If the new consensus document on radial-artery access for percutaneous coronary interventions, issued jointly by two major European cardiology societies on Jan. 28, seemed subtle in its promotion of the radial approach, several members of the consensus panel left no doubt in their comments.
"In the coming years we can expect the radial approach to be the preferred access route for PCI," said Dr. Jean Fajadet, a coauthor of the consensus document and president of the European Association of Percutaneous Cardiovascular Intervention, one of the sponsoring organizations.
Radial-artery access for PCI "offers multiple advantages: early ambulation, improved comfort, reduced bleeding risk, shorter hospital stay, and reduced cost," said Dr. Fajadet, codirector of the interventional cardiology unit at the Pasteur Clinic in Toulouse, France, in a written statement from the European Society of Cardiology, the second group that sponsored the consensus document.

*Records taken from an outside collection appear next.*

text \<open>At a point with \<open>|\<phi>(a)| < 1\<close> the difference quotient of \<open>\<phi>\<close> is eventually a continuous
  expression in the Schur quotient, which converges; so \<open>\<phi>\<close> is differentiable at \<open>a\<close>.\<close>
lemma differentiable_at:
  assumes a: "cmod a < 1" and \<alpha>: "cmod (\<phi> a) < 1"
  shows "\<phi> field_differentiable (at a)"
proof -
  define \<psi> where "\<psi> = schur_quotient a"
  define Q where "Q z = \<psi> z * (1 - \<phi> a * cnj (\<phi> a)) / ((1 - cnj a * z) + cnj (\<phi> a) * \<psi> z * (z - a))" for z
  obtain L where L: "(\<psi> \<longlongrightarrow> L) (at a)" using schur_quotient_limit[OF a \<alpha>] unfolding \<psi>_def .
  define D where "D = L * (1 - \<phi> a * cnj (\<phi> a)) / ((1 - cnj a * a) + cnj (\<phi> a) * L * (a - a))"
  have "1 - cnj a * a \<noteq> 0" using one_minus_mult_nonzero[of "cnj a" a] a by simp
  then have "(Q \<longlongrightarrow> D) (at a)"
    unfolding Q_def D_def by (intro tendsto_intros L) auto
  moreover have "eventually (\<lambda>z. Q z = (\<phi> z - \<phi> a) / (z - a)) (at a)"
    unfolding eventually_at
  proof (intro exI[of _ "1 - cmod a"] conjI ballI impI allI)
    fix z assume "z \<noteq> a \<and> dist z a < 1 - cmod a"
    moreover have "cmod z \<le> cmod a + cmod (z - a)" using norm_triangle_ineq[of a "z - a"] by simp
    ultimately have "cmod z < 1" "z \<noteq> a" by (auto simp: dist_norm)
    then show "Q z = (\<phi> z - \<phi> a) / (z - a)"
      unfolding Q_def \<psi>_def by (rule difference_quotient_schur[OF a \<alpha>, symmetric])
  qed (use a in simp)
  ultimately have "((\<lambda>z. (\<phi> z - \<phi> a) / (z - a)) \<longlongrightarrow> D) (at a)"
    by (rule Lim_transform_eventually)
  then show ?thesis unfolding field_differentiable_def has_field_derivative_iff by blast
qed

"It is now clear, after the RIFLE and RIVAL trials, that radial access reduces major bleeding at the vascular access site, and as a consequence improves patient outcomes, including survival, especially in ST-elevation myocardial infarction. It is therefore essential that PCI centers use radial access as the strategy of choice in high-risk acute coronary syndrome patients," said Dr. Martial Hamon, a cardiologist at University Hospital in Caen, France, and lead author of the consensus document (EuroIntervention 2013 Jan. 28 [online publish ahead of print]).
The favorable comments by Dr. Fajadet and Dr. Hamon in support of radial-artery access contrasted with an unassertive tone in the document itself. The closest it comes to clearly endorsing radial access is when it says "a default radial approach is feasible in routine practice." The document also cites reduced access-site bleeding with a radial approach, and better outcomes, including survival, because of reduced access site–related bleeding in patients with ST-elevation myocardial infarctions.
It also includes some acknowledgement of a role for femoral-artery access, saying that "proficiency in the femoral approach is required because it may be needed as a bailout strategy or when large guiding catheters are required." The document also adds "all radial-proficient teams should aim to maintain optimal proficiency in femoral procedures as well."
The document also provides a summary of the steps needed to operate a radial-access program, technical recommendations, and advice for avoiding complications, but nowhere in the document is an outright, clearly stated vote for a radial-centric interventional practice. That part was left up to the panel members quoted by the European Society of Cardiology’s press office.
Another panel member who made his conclusion clear was Dr. Ferdinand Kiemeneij, an interventional cardiologist at the Onze Lieve Vrouwe Gasthuis in Amsterdam. "Although this technique [radial access] was introduced 20 years ago, there is still a lot going on to get everyone doing this procedure. It is taking off quite rapidly now, and I think this paper adds to the more general acceptance of the technique. It will improve patient care overall by providing more knowledge, more training, and better awareness."
Dr. Kiemeneij said that he receives royalties on catheter sales from Boston Scientific. Dr. Fajadet, Dr. Hamon, and the other members of the consensus document panel said they had no disclosures.